● AIM OF THE EXERCISE: If "prems" shows up in a line of the material, return that line.

● DATA:

━━━━

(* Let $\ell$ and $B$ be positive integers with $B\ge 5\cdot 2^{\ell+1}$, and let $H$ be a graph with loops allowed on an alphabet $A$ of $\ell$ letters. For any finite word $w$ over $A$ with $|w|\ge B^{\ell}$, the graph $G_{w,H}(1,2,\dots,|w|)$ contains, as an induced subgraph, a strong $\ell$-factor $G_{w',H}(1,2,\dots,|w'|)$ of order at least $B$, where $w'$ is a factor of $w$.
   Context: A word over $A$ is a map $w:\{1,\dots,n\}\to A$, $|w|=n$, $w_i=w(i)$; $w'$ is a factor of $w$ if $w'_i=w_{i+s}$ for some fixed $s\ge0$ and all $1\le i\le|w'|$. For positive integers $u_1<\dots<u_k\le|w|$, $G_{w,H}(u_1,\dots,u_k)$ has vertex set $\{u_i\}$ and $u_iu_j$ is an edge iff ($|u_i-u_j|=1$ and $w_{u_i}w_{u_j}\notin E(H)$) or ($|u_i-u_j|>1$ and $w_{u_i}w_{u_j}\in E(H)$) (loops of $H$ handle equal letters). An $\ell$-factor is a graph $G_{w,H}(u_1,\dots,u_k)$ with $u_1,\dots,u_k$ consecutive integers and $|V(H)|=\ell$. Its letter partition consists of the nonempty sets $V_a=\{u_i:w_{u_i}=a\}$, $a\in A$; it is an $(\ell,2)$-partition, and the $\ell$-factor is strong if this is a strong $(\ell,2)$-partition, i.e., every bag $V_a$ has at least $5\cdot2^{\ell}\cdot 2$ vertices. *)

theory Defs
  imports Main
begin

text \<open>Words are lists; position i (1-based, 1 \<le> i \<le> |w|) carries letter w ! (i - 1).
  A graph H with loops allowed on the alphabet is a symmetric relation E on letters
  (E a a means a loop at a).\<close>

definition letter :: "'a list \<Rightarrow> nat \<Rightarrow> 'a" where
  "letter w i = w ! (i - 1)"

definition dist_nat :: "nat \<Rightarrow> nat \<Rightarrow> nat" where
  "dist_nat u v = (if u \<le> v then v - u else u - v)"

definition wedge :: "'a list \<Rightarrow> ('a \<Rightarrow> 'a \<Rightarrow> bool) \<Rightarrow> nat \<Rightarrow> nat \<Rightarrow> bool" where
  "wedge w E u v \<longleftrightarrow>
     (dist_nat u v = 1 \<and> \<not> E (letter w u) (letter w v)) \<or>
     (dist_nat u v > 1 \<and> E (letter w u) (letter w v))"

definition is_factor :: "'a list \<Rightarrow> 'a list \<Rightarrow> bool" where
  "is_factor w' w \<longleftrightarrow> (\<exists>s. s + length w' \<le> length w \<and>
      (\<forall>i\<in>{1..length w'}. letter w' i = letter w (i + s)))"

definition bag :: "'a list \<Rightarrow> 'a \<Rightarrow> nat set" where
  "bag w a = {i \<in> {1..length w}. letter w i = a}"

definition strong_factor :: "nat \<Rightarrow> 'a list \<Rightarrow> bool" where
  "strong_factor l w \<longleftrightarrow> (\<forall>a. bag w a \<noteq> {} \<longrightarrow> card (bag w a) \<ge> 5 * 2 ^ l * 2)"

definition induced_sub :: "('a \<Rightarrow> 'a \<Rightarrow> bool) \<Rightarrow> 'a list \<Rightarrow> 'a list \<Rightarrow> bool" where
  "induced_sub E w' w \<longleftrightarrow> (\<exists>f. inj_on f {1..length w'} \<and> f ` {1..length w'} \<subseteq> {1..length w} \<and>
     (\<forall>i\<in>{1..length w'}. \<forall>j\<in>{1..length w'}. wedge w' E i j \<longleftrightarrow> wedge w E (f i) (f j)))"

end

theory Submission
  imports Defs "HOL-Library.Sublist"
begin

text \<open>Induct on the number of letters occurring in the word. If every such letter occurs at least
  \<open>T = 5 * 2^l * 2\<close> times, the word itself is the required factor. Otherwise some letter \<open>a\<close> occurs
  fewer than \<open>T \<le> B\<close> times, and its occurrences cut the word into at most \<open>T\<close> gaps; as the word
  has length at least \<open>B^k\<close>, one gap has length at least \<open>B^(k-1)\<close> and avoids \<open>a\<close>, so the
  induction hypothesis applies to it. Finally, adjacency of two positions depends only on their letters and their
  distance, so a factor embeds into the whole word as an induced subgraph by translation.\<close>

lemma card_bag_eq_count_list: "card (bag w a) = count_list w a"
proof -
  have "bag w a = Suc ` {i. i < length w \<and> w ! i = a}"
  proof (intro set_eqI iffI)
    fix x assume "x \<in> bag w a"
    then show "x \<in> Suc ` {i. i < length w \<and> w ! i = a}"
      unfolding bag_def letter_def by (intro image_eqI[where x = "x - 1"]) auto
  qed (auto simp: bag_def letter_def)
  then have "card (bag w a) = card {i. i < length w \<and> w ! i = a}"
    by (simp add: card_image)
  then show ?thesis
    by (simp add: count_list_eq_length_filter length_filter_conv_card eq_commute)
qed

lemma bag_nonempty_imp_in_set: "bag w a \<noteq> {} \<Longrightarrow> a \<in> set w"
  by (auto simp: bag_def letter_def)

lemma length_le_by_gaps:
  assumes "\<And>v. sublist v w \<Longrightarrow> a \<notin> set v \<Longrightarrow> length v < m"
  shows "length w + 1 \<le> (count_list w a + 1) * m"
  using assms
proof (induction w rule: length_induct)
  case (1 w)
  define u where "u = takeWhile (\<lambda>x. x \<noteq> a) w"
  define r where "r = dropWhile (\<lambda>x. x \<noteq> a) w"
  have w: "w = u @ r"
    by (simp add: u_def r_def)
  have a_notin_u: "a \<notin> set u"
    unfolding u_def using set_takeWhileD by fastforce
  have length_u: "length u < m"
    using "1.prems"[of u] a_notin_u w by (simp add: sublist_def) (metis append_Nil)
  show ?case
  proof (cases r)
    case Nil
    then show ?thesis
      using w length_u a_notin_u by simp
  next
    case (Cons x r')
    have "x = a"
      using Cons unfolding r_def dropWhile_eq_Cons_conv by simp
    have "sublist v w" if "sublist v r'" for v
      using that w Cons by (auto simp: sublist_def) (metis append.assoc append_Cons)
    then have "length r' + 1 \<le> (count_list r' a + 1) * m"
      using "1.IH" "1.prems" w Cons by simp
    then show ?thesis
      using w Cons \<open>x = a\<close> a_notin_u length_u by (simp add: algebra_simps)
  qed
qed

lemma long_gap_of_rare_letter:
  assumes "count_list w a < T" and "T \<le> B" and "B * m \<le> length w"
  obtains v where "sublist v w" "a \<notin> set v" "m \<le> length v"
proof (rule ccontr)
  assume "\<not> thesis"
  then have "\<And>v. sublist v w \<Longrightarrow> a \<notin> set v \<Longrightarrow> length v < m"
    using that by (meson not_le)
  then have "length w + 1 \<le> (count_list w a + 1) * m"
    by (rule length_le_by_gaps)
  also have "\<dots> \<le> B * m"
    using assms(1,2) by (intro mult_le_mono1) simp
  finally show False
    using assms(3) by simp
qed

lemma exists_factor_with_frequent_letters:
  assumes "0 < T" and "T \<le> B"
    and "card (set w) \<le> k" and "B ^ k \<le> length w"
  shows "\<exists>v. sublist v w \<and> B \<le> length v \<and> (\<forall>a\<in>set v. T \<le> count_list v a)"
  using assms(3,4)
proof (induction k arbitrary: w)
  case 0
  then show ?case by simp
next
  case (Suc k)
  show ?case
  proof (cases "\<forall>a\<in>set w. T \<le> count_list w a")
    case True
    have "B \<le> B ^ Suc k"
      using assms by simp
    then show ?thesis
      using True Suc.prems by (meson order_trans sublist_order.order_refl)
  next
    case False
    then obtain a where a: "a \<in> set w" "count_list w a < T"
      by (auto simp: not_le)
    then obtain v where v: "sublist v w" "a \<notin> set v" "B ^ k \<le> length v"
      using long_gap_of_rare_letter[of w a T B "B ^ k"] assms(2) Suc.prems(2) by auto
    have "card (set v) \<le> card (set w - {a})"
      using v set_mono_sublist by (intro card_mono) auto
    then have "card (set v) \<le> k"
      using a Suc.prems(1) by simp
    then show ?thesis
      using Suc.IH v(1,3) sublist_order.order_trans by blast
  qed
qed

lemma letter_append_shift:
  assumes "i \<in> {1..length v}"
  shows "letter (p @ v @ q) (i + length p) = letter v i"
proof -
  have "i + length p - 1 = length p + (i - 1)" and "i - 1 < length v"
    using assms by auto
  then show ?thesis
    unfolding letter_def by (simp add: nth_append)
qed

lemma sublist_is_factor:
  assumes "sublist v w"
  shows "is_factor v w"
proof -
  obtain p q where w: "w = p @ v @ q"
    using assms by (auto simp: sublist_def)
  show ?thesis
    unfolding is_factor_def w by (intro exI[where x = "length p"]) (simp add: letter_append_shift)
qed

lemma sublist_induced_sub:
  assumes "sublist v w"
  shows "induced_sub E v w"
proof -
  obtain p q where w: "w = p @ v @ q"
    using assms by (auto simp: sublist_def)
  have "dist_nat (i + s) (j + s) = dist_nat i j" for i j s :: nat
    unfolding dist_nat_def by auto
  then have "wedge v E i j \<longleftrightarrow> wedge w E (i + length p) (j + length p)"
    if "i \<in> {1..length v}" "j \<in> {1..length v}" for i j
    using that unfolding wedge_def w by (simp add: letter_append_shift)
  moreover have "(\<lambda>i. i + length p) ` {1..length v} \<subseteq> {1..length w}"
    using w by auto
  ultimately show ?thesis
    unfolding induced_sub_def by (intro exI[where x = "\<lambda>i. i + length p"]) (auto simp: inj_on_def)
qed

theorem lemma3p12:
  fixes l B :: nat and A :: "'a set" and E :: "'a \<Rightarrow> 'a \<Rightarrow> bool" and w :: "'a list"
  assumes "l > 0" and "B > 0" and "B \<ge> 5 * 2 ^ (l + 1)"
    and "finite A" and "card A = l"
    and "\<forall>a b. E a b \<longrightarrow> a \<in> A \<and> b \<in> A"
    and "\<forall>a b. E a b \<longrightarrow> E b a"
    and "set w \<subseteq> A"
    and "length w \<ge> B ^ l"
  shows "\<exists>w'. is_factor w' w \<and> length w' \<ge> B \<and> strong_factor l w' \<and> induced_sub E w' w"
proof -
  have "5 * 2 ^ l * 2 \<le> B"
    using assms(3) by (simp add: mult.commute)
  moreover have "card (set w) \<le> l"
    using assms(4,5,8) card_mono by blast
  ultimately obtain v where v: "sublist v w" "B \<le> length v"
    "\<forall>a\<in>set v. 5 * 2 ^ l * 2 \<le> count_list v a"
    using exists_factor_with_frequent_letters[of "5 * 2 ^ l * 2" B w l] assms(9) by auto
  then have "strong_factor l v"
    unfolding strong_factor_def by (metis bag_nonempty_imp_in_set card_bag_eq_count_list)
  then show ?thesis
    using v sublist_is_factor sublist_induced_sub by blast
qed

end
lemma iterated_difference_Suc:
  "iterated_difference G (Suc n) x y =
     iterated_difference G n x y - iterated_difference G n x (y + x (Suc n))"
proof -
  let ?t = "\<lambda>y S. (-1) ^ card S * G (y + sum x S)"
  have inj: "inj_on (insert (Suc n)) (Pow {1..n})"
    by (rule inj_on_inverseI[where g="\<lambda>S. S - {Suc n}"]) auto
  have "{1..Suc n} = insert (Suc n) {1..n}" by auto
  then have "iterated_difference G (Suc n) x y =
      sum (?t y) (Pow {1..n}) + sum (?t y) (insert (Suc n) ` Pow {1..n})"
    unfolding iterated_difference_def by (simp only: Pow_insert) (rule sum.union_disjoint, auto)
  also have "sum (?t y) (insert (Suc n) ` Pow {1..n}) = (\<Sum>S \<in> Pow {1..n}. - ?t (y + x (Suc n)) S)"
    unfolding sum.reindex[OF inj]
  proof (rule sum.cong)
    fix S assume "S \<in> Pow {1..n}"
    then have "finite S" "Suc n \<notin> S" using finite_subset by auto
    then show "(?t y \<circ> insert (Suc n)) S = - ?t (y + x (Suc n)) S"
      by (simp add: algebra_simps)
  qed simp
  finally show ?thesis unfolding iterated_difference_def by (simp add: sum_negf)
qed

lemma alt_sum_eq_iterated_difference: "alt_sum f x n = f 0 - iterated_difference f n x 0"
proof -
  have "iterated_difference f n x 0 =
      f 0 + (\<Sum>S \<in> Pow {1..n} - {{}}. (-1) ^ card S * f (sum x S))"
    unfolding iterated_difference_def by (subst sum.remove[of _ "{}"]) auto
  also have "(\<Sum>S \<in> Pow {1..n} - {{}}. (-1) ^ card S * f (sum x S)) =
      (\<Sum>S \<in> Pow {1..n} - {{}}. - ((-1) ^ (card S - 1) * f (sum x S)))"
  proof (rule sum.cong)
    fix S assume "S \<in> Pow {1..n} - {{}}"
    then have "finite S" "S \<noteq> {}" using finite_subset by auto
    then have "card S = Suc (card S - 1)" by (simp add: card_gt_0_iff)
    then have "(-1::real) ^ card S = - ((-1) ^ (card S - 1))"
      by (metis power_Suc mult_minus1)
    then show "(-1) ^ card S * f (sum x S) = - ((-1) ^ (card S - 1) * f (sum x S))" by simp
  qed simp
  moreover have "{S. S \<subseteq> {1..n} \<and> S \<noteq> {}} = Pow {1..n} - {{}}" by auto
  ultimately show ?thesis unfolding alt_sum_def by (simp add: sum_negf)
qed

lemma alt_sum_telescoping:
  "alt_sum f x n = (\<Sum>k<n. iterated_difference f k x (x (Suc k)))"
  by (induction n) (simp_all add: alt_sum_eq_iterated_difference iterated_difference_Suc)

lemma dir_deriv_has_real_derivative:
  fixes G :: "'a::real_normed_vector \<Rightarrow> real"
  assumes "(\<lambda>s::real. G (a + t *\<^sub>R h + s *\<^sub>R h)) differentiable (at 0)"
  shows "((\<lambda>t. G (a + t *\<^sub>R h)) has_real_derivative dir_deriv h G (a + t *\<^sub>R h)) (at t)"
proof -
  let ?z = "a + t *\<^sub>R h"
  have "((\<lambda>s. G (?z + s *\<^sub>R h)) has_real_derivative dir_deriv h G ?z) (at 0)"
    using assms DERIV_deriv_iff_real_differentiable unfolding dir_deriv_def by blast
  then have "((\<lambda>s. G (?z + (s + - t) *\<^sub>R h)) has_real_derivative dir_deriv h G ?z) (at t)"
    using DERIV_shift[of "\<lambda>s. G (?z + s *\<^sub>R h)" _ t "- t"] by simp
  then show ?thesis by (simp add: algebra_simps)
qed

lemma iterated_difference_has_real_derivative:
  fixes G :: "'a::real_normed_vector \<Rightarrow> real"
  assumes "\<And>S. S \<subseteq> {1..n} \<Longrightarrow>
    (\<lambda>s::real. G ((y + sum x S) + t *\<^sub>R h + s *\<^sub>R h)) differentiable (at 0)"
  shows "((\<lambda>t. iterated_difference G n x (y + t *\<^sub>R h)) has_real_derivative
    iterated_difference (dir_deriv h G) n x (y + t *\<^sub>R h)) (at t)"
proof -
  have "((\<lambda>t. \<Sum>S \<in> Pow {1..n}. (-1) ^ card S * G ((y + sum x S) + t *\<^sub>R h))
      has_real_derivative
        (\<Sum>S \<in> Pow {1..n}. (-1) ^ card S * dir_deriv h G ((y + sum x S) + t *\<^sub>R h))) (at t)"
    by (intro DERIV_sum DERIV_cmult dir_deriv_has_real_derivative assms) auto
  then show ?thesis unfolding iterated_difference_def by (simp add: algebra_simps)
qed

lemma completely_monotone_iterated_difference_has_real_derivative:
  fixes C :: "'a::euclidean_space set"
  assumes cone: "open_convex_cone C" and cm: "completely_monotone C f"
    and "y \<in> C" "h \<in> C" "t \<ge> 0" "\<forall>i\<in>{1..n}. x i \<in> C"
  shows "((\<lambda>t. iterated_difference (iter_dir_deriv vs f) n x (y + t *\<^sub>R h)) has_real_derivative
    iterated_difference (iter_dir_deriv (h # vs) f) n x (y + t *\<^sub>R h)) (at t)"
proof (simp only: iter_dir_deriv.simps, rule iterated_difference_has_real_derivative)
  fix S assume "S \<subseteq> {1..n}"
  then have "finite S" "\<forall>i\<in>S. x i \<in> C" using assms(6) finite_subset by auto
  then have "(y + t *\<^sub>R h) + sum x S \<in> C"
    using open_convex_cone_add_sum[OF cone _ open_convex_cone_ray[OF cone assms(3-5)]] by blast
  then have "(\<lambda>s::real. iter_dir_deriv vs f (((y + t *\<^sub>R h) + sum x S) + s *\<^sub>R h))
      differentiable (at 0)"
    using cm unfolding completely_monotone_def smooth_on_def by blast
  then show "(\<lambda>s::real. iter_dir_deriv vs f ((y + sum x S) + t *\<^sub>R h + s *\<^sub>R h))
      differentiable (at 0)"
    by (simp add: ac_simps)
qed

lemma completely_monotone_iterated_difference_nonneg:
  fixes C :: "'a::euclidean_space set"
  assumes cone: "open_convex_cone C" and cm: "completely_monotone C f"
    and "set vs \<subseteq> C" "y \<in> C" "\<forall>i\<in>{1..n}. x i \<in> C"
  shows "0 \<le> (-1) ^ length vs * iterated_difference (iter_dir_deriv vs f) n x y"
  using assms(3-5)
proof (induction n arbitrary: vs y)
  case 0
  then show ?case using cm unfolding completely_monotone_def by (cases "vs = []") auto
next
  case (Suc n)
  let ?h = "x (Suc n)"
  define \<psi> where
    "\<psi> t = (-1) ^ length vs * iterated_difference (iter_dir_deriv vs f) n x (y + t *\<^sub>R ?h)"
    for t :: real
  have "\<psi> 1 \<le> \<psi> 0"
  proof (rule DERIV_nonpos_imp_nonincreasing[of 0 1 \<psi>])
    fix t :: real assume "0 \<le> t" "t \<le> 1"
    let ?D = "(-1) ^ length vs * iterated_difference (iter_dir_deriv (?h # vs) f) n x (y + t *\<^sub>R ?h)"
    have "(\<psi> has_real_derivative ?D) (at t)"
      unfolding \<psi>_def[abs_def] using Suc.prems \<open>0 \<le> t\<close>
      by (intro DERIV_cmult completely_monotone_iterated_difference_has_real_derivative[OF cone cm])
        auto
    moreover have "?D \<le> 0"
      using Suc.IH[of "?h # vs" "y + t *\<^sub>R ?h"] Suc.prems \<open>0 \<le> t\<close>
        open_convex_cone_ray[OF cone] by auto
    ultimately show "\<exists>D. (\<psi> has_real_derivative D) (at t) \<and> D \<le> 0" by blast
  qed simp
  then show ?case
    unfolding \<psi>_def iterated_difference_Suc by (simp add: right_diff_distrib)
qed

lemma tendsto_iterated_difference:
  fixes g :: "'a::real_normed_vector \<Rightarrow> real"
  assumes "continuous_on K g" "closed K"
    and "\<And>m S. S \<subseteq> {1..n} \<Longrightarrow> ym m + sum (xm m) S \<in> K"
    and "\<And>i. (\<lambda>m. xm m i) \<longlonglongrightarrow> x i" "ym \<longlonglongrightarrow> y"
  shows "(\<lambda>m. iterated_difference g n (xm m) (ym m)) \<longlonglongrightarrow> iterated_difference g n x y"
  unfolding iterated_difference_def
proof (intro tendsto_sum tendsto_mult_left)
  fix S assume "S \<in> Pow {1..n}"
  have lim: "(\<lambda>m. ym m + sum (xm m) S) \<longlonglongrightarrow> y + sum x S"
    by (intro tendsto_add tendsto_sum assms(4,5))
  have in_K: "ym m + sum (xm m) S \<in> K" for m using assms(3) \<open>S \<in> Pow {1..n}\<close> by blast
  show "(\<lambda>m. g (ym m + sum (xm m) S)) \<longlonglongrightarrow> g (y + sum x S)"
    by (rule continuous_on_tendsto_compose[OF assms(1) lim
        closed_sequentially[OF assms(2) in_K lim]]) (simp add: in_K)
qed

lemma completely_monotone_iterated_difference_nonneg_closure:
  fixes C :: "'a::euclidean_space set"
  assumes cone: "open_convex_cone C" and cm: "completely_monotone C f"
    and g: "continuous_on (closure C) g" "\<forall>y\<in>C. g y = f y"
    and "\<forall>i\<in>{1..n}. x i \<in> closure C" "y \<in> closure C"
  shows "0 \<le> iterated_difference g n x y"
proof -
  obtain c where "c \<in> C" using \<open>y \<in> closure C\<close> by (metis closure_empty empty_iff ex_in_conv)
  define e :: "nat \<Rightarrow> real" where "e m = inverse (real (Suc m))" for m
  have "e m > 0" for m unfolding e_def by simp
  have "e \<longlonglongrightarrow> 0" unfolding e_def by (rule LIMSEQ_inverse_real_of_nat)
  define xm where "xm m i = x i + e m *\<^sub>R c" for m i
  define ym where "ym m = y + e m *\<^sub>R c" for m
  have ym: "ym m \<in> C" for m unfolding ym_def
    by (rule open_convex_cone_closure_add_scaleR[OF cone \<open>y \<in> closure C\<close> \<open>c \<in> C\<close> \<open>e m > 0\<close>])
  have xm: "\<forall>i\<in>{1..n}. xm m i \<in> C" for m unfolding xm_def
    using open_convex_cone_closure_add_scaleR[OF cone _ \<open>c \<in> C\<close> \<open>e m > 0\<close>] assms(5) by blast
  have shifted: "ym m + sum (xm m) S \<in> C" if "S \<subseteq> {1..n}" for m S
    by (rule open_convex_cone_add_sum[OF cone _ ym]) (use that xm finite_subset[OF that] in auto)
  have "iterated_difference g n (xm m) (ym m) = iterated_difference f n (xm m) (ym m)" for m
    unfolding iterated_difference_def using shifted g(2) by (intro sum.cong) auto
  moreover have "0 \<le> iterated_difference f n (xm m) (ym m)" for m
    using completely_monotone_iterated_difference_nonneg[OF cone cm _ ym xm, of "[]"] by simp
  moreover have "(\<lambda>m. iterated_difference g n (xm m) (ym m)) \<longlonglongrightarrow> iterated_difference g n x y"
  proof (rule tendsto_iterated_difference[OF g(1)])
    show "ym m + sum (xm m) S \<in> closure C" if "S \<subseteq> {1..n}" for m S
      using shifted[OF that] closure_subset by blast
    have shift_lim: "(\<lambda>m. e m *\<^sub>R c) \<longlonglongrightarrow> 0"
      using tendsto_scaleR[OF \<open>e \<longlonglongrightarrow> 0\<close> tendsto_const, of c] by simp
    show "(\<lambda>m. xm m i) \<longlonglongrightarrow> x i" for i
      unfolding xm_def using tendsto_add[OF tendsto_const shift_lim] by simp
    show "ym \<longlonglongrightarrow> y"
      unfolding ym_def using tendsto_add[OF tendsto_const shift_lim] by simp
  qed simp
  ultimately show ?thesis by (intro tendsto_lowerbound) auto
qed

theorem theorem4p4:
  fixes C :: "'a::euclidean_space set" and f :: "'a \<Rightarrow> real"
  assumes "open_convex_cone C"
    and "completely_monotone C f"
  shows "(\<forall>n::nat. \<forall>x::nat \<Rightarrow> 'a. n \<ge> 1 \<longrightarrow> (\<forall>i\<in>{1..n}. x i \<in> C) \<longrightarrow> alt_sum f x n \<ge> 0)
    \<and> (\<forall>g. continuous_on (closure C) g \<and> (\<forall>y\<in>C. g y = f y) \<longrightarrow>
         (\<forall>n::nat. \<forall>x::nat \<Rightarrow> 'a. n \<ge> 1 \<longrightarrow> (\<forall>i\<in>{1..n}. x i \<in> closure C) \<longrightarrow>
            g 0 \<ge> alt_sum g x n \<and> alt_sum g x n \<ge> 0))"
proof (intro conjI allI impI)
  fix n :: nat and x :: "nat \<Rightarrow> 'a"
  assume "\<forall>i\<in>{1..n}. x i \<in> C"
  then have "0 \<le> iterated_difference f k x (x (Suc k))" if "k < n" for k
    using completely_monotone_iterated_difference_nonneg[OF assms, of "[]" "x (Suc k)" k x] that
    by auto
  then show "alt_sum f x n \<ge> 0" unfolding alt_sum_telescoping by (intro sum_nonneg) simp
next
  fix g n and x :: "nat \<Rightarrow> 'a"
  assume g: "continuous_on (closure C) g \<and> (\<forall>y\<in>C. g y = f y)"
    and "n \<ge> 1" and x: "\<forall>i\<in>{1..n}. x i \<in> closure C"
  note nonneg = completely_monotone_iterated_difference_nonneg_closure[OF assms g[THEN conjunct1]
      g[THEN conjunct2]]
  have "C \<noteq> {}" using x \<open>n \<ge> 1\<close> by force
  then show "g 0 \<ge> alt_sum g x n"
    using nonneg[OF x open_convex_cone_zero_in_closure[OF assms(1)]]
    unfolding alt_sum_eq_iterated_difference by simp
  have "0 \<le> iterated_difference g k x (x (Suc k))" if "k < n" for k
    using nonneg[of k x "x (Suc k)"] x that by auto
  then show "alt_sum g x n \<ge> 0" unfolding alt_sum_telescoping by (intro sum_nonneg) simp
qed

━━━━

● TASK RESULT:
    using "1.prems"[of u] a_notin_u w by (simp add: sublist_def) (metis append_Nil)
      using "1.IH" "1.prems" w Cons by simp
      using True Suc.prems by (meson order_trans sublist_order.order_refl)
      using long_gap_of_rare_letter[of w a T B "B ^ k"] assms(2) Suc.prems(2) by auto
      using a Suc.prems(1) by simp
      unfolding \<psi>_def[abs_def] using Suc.prems \<open>0 \<le> t\<close>
      using Suc.IH[of "?h # vs" "y + t *\<^sub>R ?h"] Suc.prems \<open>0 \<le> t\<close>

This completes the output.